These notes, from the third week of Thermal and Statistical Physics cover the canonical ensemble and Helmholtz free energy. They include a number of small group activities.
The third week of PH 441(K&K 3, Schroeder 6)
This week we will be deriving the Boltzmann ratio and the Helmholtz free energy, continuing the microcanonical approach we started last week. Last week we saw that when two systems were considered together in a microcanonical picture, the energy of each system taken individually is not fixed. This provides our stepping stone to go from a microcanonical picture where all possible microstates have the same energy (and equal probability) to a canonical picture where all energies are possible and the probability of a given microstate being observed depends on the energy of that state.
We ended last week by finding that the following quantity is equal in two systems in thermal equalibrium \begin{align} \beta &= \left(\frac{\partial \ln g}{\partial E}\right)_{V} \end{align} where \(g(E)\) is the multiplicity in the microcanonical ensemble.

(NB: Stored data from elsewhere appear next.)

text \<open>rk_q of a collection of entries (given by its finite set of values): the maximal number of
  F_q-linearly independent entries.\<close>
definition rk_q :: "('a::{field,finite} \<Rightarrow> 'a) \<Rightarrow> 'a set \<Rightarrow> nat" where
  "rk_q \<theta> V = Max (card ` {B. B \<subseteq> V \<and> Fq_indep_set \<theta> B})"

end

theory Submission
  imports Defs
begin

text \<open>Generalized operator evaluation turns skew multiplication into composition,
  \<open>(g \<cdot> h)(b)\<^sub>a = g(h(b)\<^sub>a)\<^sub>a\<close>, and is \<open>F\<^sub>q\<close>-linear in the point \<open>b\<close>, because over a finite
  field a \<open>\<theta>\<close>-derivation vanishes on the fixed field of \<open>\<theta>\<close>. Hence
  \<open>(\<sigma> \<cdot> (R\<^sub>j - f\<^sub>j))(\<beta>\<^sub>j)\<^sub>\<xi> = \<sigma>(e\<^sub>j)\<^sub>\<xi> = 0\<close>, since every error entry is an \<open>F\<^sub>q\<close>-combination of
  error values, which \<open>\<sigma>\<close> annihilates. The minimal skew polynomial \<open>G\<^sub>j\<close> right-divides every
  skew polynomial vanishing at the code locators (the remainder vanishes there too and has
  smaller degree), so \<open>G\<^sub>j\<close> right-divides \<open>\<sigma> R\<^sub>j - \<sigma> f\<^sub>j\<close>.\<close>

text \<open>The library's \<open>finite_field_power_card_eq_same\<close> is stated for the class \<open>finite_field\<close>,
  which a type variable of sort \<open>{field, finite}\<close> does not carry.\<close>

lemma power_card_UNIV_eq_self:
  fixes x :: "'a::{field,finite}"
  shows "x ^ card (UNIV :: 'a set) = x"
proof (cases "x = 0")
  case False
  let ?U = "UNIV - {0 :: 'a}"
  have "(\<Prod>y\<in>?U. x * y) = \<Prod>?U"
    by (rule prod.reindex_bij_witness[of _ "\<lambda>y. y / x" "\<lambda>y. x * y"]) (use False in auto)
  then have "x ^ (card (UNIV :: 'a set) - 1) = 1"
    by (simp add: prod.distrib)
  then show ?thesis
    by (metis Suc_diff_1 finite_UNIV finite_UNIV_card_ge_0 mult.right_neutral power_Suc)
qed (simp add: finite_UNIV_card_ge_0)

lemma of_nat_card_UNIV_eq_0: "of_nat (card (UNIV :: 'a::{ring_1,finite} set)) = (0 :: 'a)"
proof -
  have "(\<Sum>x\<in>UNIV. x + 1) = (\<Sum>x\<in>UNIV. x :: 'a)"
    by (rule sum.reindex_bij_witness[of _ "\<lambda>y. y - 1" "\<lambda>y. y + 1"]) auto
  then show ?thesis
    by (simp add: sum.distrib)
qed

locale skew_poly_ring =
  fixes \<theta> \<delta> :: "'a::field \<Rightarrow> 'a"
  assumes aut: "is_field_aut \<theta>" and der: "is_theta_derivation \<theta> \<delta>"
begin

abbreviation D where "D \<equiv> skew_D \<theta> \<delta>"
abbreviation mulx where "mulx \<equiv> skew_lmul_x \<theta> \<delta>"
abbreviation mul where "mul \<equiv> skew_mult \<theta> \<delta>"
abbreviation ev where "ev \<equiv> op_eval \<theta> \<delta>"

lemma theta_add: "\<theta> (x + y) = \<theta> x + \<theta> y"
  using aut unfolding is_field_aut_def by blast

lemma theta_mult: "\<theta> (x * y) = \<theta> x * \<theta> y"
  using aut unfolding is_field_aut_def by blast

lemma theta_1: "\<theta> 1 = 1"
  using aut unfolding is_field_aut_def by blast

lemma theta_0: "\<theta> 0 = 0"
  using theta_add[of 0 0] by (metis add.right_neutral add_left_cancel)

lemma delta_add: "\<delta> (x + y) = \<delta> x + \<delta> y"
  using der unfolding is_theta_derivation_def by blast

lemma delta_mult: "\<delta> (x * y) = \<delta> x * y + \<theta> x * \<delta> y"
  using der unfolding is_theta_derivation_def by blast

lemma delta_0: "\<delta> 0 = 0"
  using delta_add[of 0 0] by (metis add.right_neutral add_left_cancel)

lemma delta_power_fixed:
  assumes "\<theta> c = c"
  shows "\<delta> (c ^ Suc n) = of_nat (Suc n) * c ^ n * \<delta> c"
proof (induction n)
  case (Suc n)
  have "\<delta> (c ^ Suc (Suc n)) = \<delta> c * c ^ Suc n + c * (of_nat (Suc n) * c ^ n * \<delta> c)"
    using delta_mult[of c "c ^ Suc n"] Suc assms by simp
  then show ?case
    by (simp add: algebra_simps)
qed simp

lemma D_add: "D a (x + y) = D a x + D a y"
  by (simp add: skew_D_def theta_add delta_add algebra_simps)

lemma D_0: "D a 0 = 0"
  by (simp add: skew_D_def theta_0 delta_0)

lemma D_mult: "D a (c * b) = \<theta> c * D a b + \<delta> c * b"
  by (simp only: skew_D_def theta_mult delta_mult) (simp add: algebra_simps)

lemma D_sum: "D a (\<Sum>i\<in>A. g i) = (\<Sum>i\<in>A. D a (g i))"
  by (induction A rule: infinite_finite_induct) (simp_all add: D_0 D_add)

lemma funpow_D_add: "(D a ^^ i) (x + y) = (D a ^^ i) x + (D a ^^ i) y"
  by (induction i) (simp_all add: D_add)

lemma funpow_D_0: "(D a ^^ i) 0 = 0"
  by (induction i) (simp_all add: D_0)

lemma op_eval_conv_sum: "degree p \<le> N \<Longrightarrow> ev p b a = (\<Sum>i\<le>N. coeff p i * (D a ^^ i) b)"
  unfolding op_eval_def by (rule sum.mono_neutral_left) (auto simp: coeff_eq_0)

lemma op_eval_0: "ev 0 b a = 0"
  by (simp add: op_eval_def)

lemma op_eval_add: "ev (p + q) b a = ev p b a + ev q b a"
proof -
  have "degree (p + q) \<le> max (degree p) (degree q)"
    by (rule degree_add_le) auto
  then show ?thesis
    by (simp add: op_eval_conv_sum[of _ "max (degree p) (degree q)"] sum.distrib algebra_simps)
qed

lemma op_eval_diff: "ev (p - q) b a = ev p b a - ev q b a"
  using op_eval_add[of "p - q" q b a] by simp

lemma op_eval_smult: "ev (smult c p) b a = c * ev p b a"
  using op_eval_conv_sum[of "smult c p" "degree p"]
  by (simp add: op_eval_def sum_distrib_left mult.assoc)

lemma op_eval_sum: "ev (\<Sum>i\<in>A. g i) b a = (\<Sum>i\<in>A. ev (g i) b a)"
  by (induction A rule: infinite_finite_induct) (simp_all add: op_eval_0 op_eval_add)

lemma op_eval_at_0: "ev p 0 a = 0"
  by (simp add: op_eval_def funpow_D_0)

To more definitively connect this with temperature, we will again consider two systems in thermal equilibrium using a microcanonical ensemble, but this time we will make one of those two systems huge. In fact, it will be so huge that we can treat it using classical thermodynamics, i.e. we can conclude that the above equation applies, and we can assume that the temperature of this huge system is unaffected by the small change in energy that could happen due to differences in the small system.
Let us now examine the multiplicity of our combined system, making \(B\) be our large system: \begin{align} g_{AB}(E) &= \sum_{E_A}g_A(E_A) g_B(E_{AB}-E_A) \end{align} We can further find the probability of any particular energy being observed from \begin{align} P_{A}(E_A|E_{AB}) &= \frac{g_A(E_A)g_B(E_{AB}-E_A)}{ \sum_{E_A'}g_A(E_A') g_B(E_{AB}-E_A') } \end{align} where we are counting how many microstatesstates of the combined system have this particular energy in system \(A\), and dividing by the total number of microstates of the combined system to create a probability. So far this is identical to what we had last week. The difference is that we are now claiming that system \(B\) is huge. This means that we can approximate \(g_B\). Doing so, however requires some care.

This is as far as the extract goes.